*What the task requires*
Copy out every line of the records where the string "inverse" occurs.
-------- Excerpted data --------
(* Let $F_n$ be the free group on $f_1,\dots,f_n$, $g=f_1\cdots f_n$, $R$ the set of conjugates of $f_1,\dots,f_n$. For every $\tau\in B_n$, the automorphism $a\mapsto\tau\star a$ of $F_n$ restricts to a poset isomorphism $([1,g]_R,\le_R)\to([1,g]_R,\le_R)$.
   Context: For a group $G$ with generating set $X$: $\ell_X(a)$ is the minimal $k$ with $a=x_1\cdots x_k$, $x_i\in X\cup X^{-1}$; $a\le_X b$ iff $\ell_X(a)+\ell_X(a^{-1}b)=\ell_X(b)$; $[1,b]_X=\{a:a\le_Xb\}$. The braid group $B_n=\langle\sigma_1,\dots,\sigma_{n-1}\rangle$ acts on $F_n$ by automorphisms (denoted $\tau\star a$), where $\sigma_i$ acts by $\sigma_i\star f_i=f_{i+1}$, $\sigma_i\star f_{i+1}=f_{i+1}^{-1}f_if_{i+1}$, and $\sigma_i\star f_j=f_j$ for $j\notin\{i,i+1\}$; equivalently this is the action of $B_n$, viewed as the mapping class group of the $n$-punctured disk relative to its boundary, on its fundamental group $F_n$. *)

theory Defs
  imports Main
begin

text \<open>A letter (i, False) stands for f_i, a letter (i, True) for f_i inverse.
  Elements of F_n are freely reduced words all of whose letters have index in {1..n}.\<close>

type_synonym letter = "nat \<times> bool"

fun red_cons :: "letter \<Rightarrow> letter list \<Rightarrow> letter list" where
  "red_cons x [] = [x]"
| "red_cons x (y # ys) = (if fst x = fst y \<and> snd x \<noteq> snd y then ys else x # y # ys)"

definition reduce :: "letter list \<Rightarrow> letter list" where
  "reduce xs = foldr red_cons xs []"

fun reduced :: "letter list \<Rightarrow> bool" where
  "reduced [] = True"
| "reduced [x] = True"
| "reduced (x # y # ys) = (\<not> (fst x = fst y \<and> snd x \<noteq> snd y) \<and> reduced (y # ys))"

definition FG :: "nat \<Rightarrow> letter list set" where
  "FG n = {w. reduced w \<and> (\<forall>l \<in> set w. fst l \<in> {1..n})}"

definition fmul :: "letter list \<Rightarrow> letter list \<Rightarrow> letter list" where
  "fmul x y = reduce (x @ y)"

definition finv :: "letter list \<Rightarrow> letter list" where
  "finv x = rev (map (\<lambda>(i, b). (i, \<not> b)) x)"

definition gen :: "nat \<Rightarrow> letter list" where
  "gen i = [(i, False)]"

definition fprod :: "letter list list \<Rightarrow> letter list" where
  "fprod xs = foldr fmul xs []"

definition gelt :: "nat \<Rightarrow> letter list" where
  "gelt n = fprod (map gen [1..<n+1])"

definition Rset :: "nat \<Rightarrow> letter list set" where
  "Rset n = {fmul (fmul w (gen i)) (finv w) | w i. w \<in> FG n \<and> i \<in> {1..n}}"

definition lenR :: "nat \<Rightarrow> letter list \<Rightarrow> nat" where
  "lenR n a = (LEAST k. \<exists>xs. length xs = k \<and> set xs \<subseteq> Rset n \<union> finv ` Rset n \<and> fprod xs = a)"

definition leR :: "nat \<Rightarrow> letter list \<Rightarrow> letter list \<Rightarrow> bool" where
  "leR n a b \<longleftrightarrow> lenR n a + lenR n (fmul (finv a) b) = lenR n b"

definition intervalR :: "nat \<Rightarrow> letter list \<Rightarrow> letter list set" where
  "intervalR n b = {a \<in> FG n. leR n a b}"

definition hom_ext :: "(nat \<Rightarrow> letter list) \<Rightarrow> letter list \<Rightarrow> letter list" where
  "hom_ext \<phi> w = foldr (\<lambda>(i, b) acc. fmul (if b then finv (\<phi> i) else \<phi> i) acc) w []"

text \<open>Images of the generators under sigma_i (e = False) and its inverse (e = True).\<close>
definition sig_img :: "nat \<Rightarrow> bool \<Rightarrow> nat \<Rightarrow> letter list" where
  "sig_img i e j =
     (if \<not> e then
        (if j = i then gen (i+1)
         else if j = i+1 then [(i+1, True), (i, False), (i+1, False)]
         else gen j)
      else
        (if j = i+1 then gen i
         else if j = i then [(i, False), (i+1, False), (i, True)]
         else gen j))"

text \<open>A braid is given by a word in sigma_i^{+-1} (letter (i, False) = sigma_i,
  (i, True) = sigma_i inverse), with 1 <= i <= n-1; the action is the left action
  sigma_{i_1}^{e_1} ... sigma_{i_k}^{e_k} * a = s_1 * (s_2 * ( ... (s_k * a))).\<close>
definition braid_words :: "nat \<Rightarrow> (nat \<times> bool) list set" where
  "braid_words n = {\<tau>. \<forall>l \<in> set \<tau>. fst l \<in> {1..<n}}"

definition braid_act :: "(nat \<times> bool) list \<Rightarrow> letter list \<Rightarrow> letter list" where
  "braid_act \<tau> a = foldr (\<lambda>(i, e) x. hom_ext (sig_img i e) x) \<tau> a"

end

theory Submission
  imports Defs
begin

(* Each sigma_i^(+-1) acts by the endomorphism of F_n sending every f_j to a conjugate of a
   generator. Such an endomorphism maps each conjugate of a generator again to one, so every
   braid maps R and R^-1 into themselves. The word with reversed order and flipped exponents acts
   as the inverse map, so the action is an automorphism of F_n preserving R^(+-1) in both
   directions; it therefore preserves l_R, and with it <=_R. Finally sigma_i sends f_i f_(i+1) to
   f_(i+1) (f_(i+1)^-1 f_i f_(i+1)) = f_i f_(i+1) and fixes every other f_j, so every braid fixes
   g and maps the interval [1,g]_R onto itself. *)

section \<open>Free reduction\<close>

definition linv :: "letter \<Rightarrow> letter" where
  "linv l = (fst l, \<not> snd l)"

lemma linv_linv [simp]: "linv (linv x) = x"
  by (simp add: linv_def)

lemma fst_linv [simp]: "fst (linv x) = fst x"
  by (simp add: linv_def)

lemma cancels_iff_linv: "(fst x = fst y \<and> snd x \<noteq> snd y) \<longleftrightarrow> y = linv x"
  by (auto simp: linv_def prod_eq_iff)

lemma red_cons_Cons [simp]: "red_cons x (y # ys) = (if y = linv x then ys else x # y # ys)"
  by (simp only: red_cons.simps(2) cancels_iff_linv)

lemma reduced_Cons_Cons [simp]: "reduced (x # y # ys) \<longleftrightarrow> y \<noteq> linv x \<and> reduced (y # ys)"
  by (simp only: reduced.simps(3) cancels_iff_linv)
--------
*Task output*
text \<open>A letter (i, False) stands for f_i, a letter (i, True) for f_i inverse.
text \<open>Images of the generators under sigma_i (e = False) and its inverse (e = True).\<close>
  (i, True) = sigma_i inverse), with 1 <= i <= n-1; the action is the left action
   as the inverse map, so the action is an automorphism of F_n preserving R^(+-1) in both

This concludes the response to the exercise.